Author: Liam Izod
View album and artist detailsArtist/band: |
Nguyên Lê & Ngô Hong Quang |
Label: |
ACT Records |
Magazine Review Date: |
June/2017 |
French guitarist Nguyên Lê and Vietnamese singer and multi-instrumentalist Ngô Hong Quang take the clash of the modern and traditional in Vietnam, the land of their ancestors, as the inspiration for this collaborative album.
In its more bombastic moments, Hà Noi Duo evokes a Hanoi highway crossing. Monastic chants collide with trance-like breakbeats, exploding into proggy guitar solos. It is overwhelming, but joyously so. There is a cheeky charm to ‘Beggar's Love Song’, which contains incongruously crunchy riffing from traditional instruments like the đàn tinh (a kind of lute).
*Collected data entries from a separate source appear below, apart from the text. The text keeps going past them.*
(* The subspaces $\mathcal{C}_0^{sym}$ and $\mathcal{C}_0^{cw}$ of $\mathcal{C}$ are orthogonal with respect to the mixed area: $A(\gamma_1,\gamma_2)=0$ for all $\gamma_1\in\mathcal{C}_0^{sym}$ and $\gamma_2\in\mathcal{C}_0^{cw}$. Moreover both subspaces are orthogonal to $\mathcal{U}=\{\lambda u:\lambda\in\mathbb{R}\}$.
   Context: Standing setting. $[a,b]$ is the $2\times2$ determinant with columns $a,b$. The unit ball $U$ of a normed plane is compact convex, origin-symmetric, with nonempty interior, and boundary $u=\partial U$ a union of $2n$ arcs $u_{i+n}=-u_i$, each a smooth strictly convex arc or a segment; $u$ is parameterized as a closed curve $u:[0,2T]\to\mathbb{R}^2$ with $u(t+T)=-u(t)$, smooth with $u'\ne0$ on each interval $[t_i,t_{i+1}]$ between vertices ($[u',u'']\neq 0$ on strictly convex arcs); on each such interval $v(t)=u'(t)/[u(t),u'(t)]$. Admissible class $\mathcal{C}$: closed continuous curves $\gamma:[0,2T]\to\mathbb{R}^2$ (extended $2T$-periodically), smooth on each $[t_i,t_{i+1}]$ with $\gamma'(t)=r(t)u'(t)$ for a scalar function $r$. Dual length $L_*(\gamma)=\int_0^{2T} r(t)[u,u'](t)\,dt$; mixed area $A(\gamma_1,\gamma_2)=\frac12\int_0^{2T}[\gamma_1,\gamma_2'](t)\,dt$. $\mathcal{C}_0^{sym}$ is the set of $\gamma\in\mathcal{C}$ with $\gamma(t+T)=-\gamma(t)$ for all $t$ and $L_*(\gamma)=0$. $\mathcal{C}_0^{cw}$ is the set of $\gamma\in\mathcal{C}$ with $L_*(\gamma)=0$ that are of constant width, i.e. $[\gamma(t+T),v(t+T)]+[\gamma(t),v(t)]=c$ for a constant $c$ (necessarily $c=0$ here). *)

theory Defs
  imports "HOL-Analysis.Analysis"
begin

text \<open>Planar vectors are represented as pairs of reals.
  det2 a b is the 2x2 determinant [a,b] with columns a, b.\<close>
definition det2 :: "real \<times> real \<Rightarrow> real \<times> real \<Rightarrow> real" where
  "det2 a b = fst a * snd b - snd a * fst b"

fun dtr :: "nat \<Rightarrow> (real \<Rightarrow> 'a::real_normed_vector) \<Rightarrow> real \<Rightarrow> 'a" where
  "dtr 0 f = f"
| "dtr (Suc k) f = (\<lambda>s. vector_derivative (dtr k f) (at s))"

text \<open>Smooth (C-infinity) on the whole real line: all iterated derivatives exist everywhere.
  A function smooth on a closed interval is represented as the restriction of such a function.\<close>
definition smooth_fun :: "(real \<Rightarrow> 'a::real_normed_vector) \<Rightarrow> bool" where
  "smooth_fun f \<longleftrightarrow> (\<forall>k s. dtr k f differentiable (at s))"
The album's subtler moments are its most successful. ‘Heaven's Gourd’ has the feel of a porchside jam between Nguyên Lê on acoustic guitar and Ngô Hong Quang on đàn tinh. Both summon up bluesy licks that bring to mind Ali Farka Touré and Ry Cooder's landmark collaboration Talking Timbuktu. Hindustani classical elements are liberally added to mix. Prabhu Edouard leads rhythmic workouts from his tabla, and passages are given fresh impetus by the muted trumpet of Sicilian musician Paolo Fresu. He is a highlight on every track he is featured on, particularly when providing a counterpoint to Quang's voice on flugelhorn.
As an evocation of modern Vietnam, the album undoubtedly succeeds: it's chaotic and contradictory perhaps, but undeniably charming.